(* Let $P$ be a poset, let $\mathbf{JF}_P$ be the set of frame-generating join-specifications for $P$ and $\mathbf{JF}^+_P$ the set of maximal frame-generating join-specifications for $P$, both ordered by inclusion. (1) $\mathbf{JF}_P$ is a complete lattice (equivalently, as a thin category it is complete and cocomplete). Non-empty joins are given by unions, the top element is $\bigcup_{\mathcal{U}\in\mathbf{JF}_P}\mathcal{U}$ and the bottom element is $B_P$. (2) $\mathbf{JF}^+_P$ is a complete lattice (equivalently, complete and cocomplete). Non-empty meets are given by intersections, the top element is $\bigcup_{\mathcal{U}\in\mathbf{JF}_P}\mathcal{U}$ and the bottom element is $B_P^+$.
   Context: A join-specification for $P$ is a set $\mathcal{U}\subseteq\wp(P)$ such that $\bigvee S$ exists in $P$ for every $S\in\mathcal{U}$, and $\{p\}\in\mathcal{U}$ for every $p\in P$. A $\mathcal{U}$-ideal is a down-closed $C\subseteq P$ such that $\bigvee S\in C$ whenever $S\in\mathcal{U}$, $S\subseteq C$. $\mathcal{I}_{\mathcal{U}}$ is the complete lattice of $\mathcal{U}$-ideals ordered by inclusion; $\Gamma_{\mathcal{U}}(S)$ is the smallest $\mathcal{U}$-ideal containing $S$. $\mathcal{U}^+=\{S\subseteq P:\bigvee S\text{ exists and }\bigvee S\in\Gamma_{\mathcal{U}}(S)\}$; $\mathcal{U}$ is maximal if $\mathcal{U}=\mathcal{U}^+$; $\mathcal{U}$ is frame-generating if $\mathcal{I}_{\mathcal{U}}$ is a frame. $B_P$ is the set of all singleton subsets of $P$, and $B_P^+=(B_P)^+$. *)

theory Defs
  imports Main
begin

text \<open>The poset P is the carrier of a type of class order (P = UNIV).\<close>

definition is_join :: "'a::order set \<Rightarrow> 'a \<Rightarrow> bool" where
  "is_join S x \<longleftrightarrow> (\<forall>s\<in>S. s \<le> x) \<and> (\<forall>y. (\<forall>s\<in>S. s \<le> y) \<longrightarrow> x \<le> y)"

definition has_join :: "'a::order set \<Rightarrow> bool" where
  "has_join S \<longleftrightarrow> (\<exists>x. is_join S x)"

definition join :: "'a::order set \<Rightarrow> 'a" where
  "join S = (THE x. is_join S x)"

definition join_spec :: "'a::order set set \<Rightarrow> bool" where
  "join_spec U \<longleftrightarrow> (\<forall>S\<in>U. has_join S) \<and> (\<forall>p. {p} \<in> U)"

definition U_ideal :: "'a::order set set \<Rightarrow> 'a set \<Rightarrow> bool" where
  "U_ideal U C \<longleftrightarrow> (\<forall>x y. x \<in> C \<longrightarrow> y \<le> x \<longrightarrow> y \<in> C)
                   \<and> (\<forall>S\<in>U. S \<subseteq> C \<longrightarrow> join S \<in> C)"

definition Gamma :: "'a::order set set \<Rightarrow> 'a set \<Rightarrow> 'a set" where
  "Gamma U S = \<Inter>{C. U_ideal U C \<and> S \<subseteq> C}"

definition U_plus :: "'a::order set set \<Rightarrow> 'a set set" where
  "U_plus U = {S. has_join S \<and> join S \<in> Gamma U S}"

definition maximal_spec :: "'a::order set set \<Rightarrow> bool" where
  "maximal_spec U \<longleftrightarrow> U = U_plus U"

text \<open>The lattice of U-ideals (meets = intersections, joins = Gamma of unions)
  is a frame: binary meets distribute over arbitrary joins.\<close>
definition frame_generating :: "'a::order set set \<Rightarrow> bool" where
  "frame_generating U \<longleftrightarrow>
     (\<forall>A F. U_ideal U A \<and> (\<forall>B\<in>F. U_ideal U B) \<longrightarrow>
        A \<inter> Gamma U (\<Union>F) = Gamma U (\<Union>B\<in>F. A \<inter> B))"

definition B_P :: "'a::order set set" where
  "B_P = {S. \<exists>p. S = {p}}"

definition JF :: "'a::order set set set" where
  "JF = {U. join_spec U \<and> frame_generating U}"

definition JF_plus :: "'a::order set set set" where
  "JF_plus = {U. join_spec U \<and> frame_generating U \<and> maximal_spec U}"

definition complete_lattice_incl :: "'b set set \<Rightarrow> bool" where
  "complete_lattice_incl A \<longleftrightarrow>
     (\<forall>F\<subseteq>A. \<exists>x\<in>A. (\<forall>y\<in>F. y \<subseteq> x) \<and> (\<forall>z\<in>A. (\<forall>y\<in>F. y \<subseteq> z) \<longrightarrow> x \<subseteq> z))"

About this task =>
Copy, without any change, the lines above from the one containing "has_join S \<and>" to the end, both ends included. Add nothing else.

Solved exercise =>
  "U_plus U = {S. has_join S \<and> join S \<in> Gamma U S}"

definition maximal_spec :: "'a::order set set \<Rightarrow> bool" where
  "maximal_spec U \<longleftrightarrow> U = U_plus U"

text \<open>The lattice of U-ideals (meets = intersections, joins = Gamma of unions)
  is a frame: binary meets distribute over arbitrary joins.\<close>
definition frame_generating :: "'a::order set set \<Rightarrow> bool" where
  "frame_generating U \<longleftrightarrow>
     (\<forall>A F. U_ideal U A \<and> (\<forall>B\<in>F. U_ideal U B) \<longrightarrow>
        A \<inter> Gamma U (\<Union>F) = Gamma U (\<Union>B\<in>F. A \<inter> B))"

definition B_P :: "'a::order set set" where
  "B_P = {S. \<exists>p. S = {p}}"

definition JF :: "'a::order set set set" where
  "JF = {U. join_spec U \<and> frame_generating U}"

definition JF_plus :: "'a::order set set set" where
  "JF_plus = {U. join_spec U \<and> frame_generating U \<and> maximal_spec U}"

definition complete_lattice_incl :: "'b set set \<Rightarrow> bool" where
  "complete_lattice_incl A \<longleftrightarrow>
     (\<forall>F\<subseteq>A. \<exists>x\<in>A. (\<forall>y\<in>F. y \<subseteq> x) \<and> (\<forall>z\<in>A. (\<forall>y\<in>F. y \<subseteq> z) \<longrightarrow> x \<subseteq> z))"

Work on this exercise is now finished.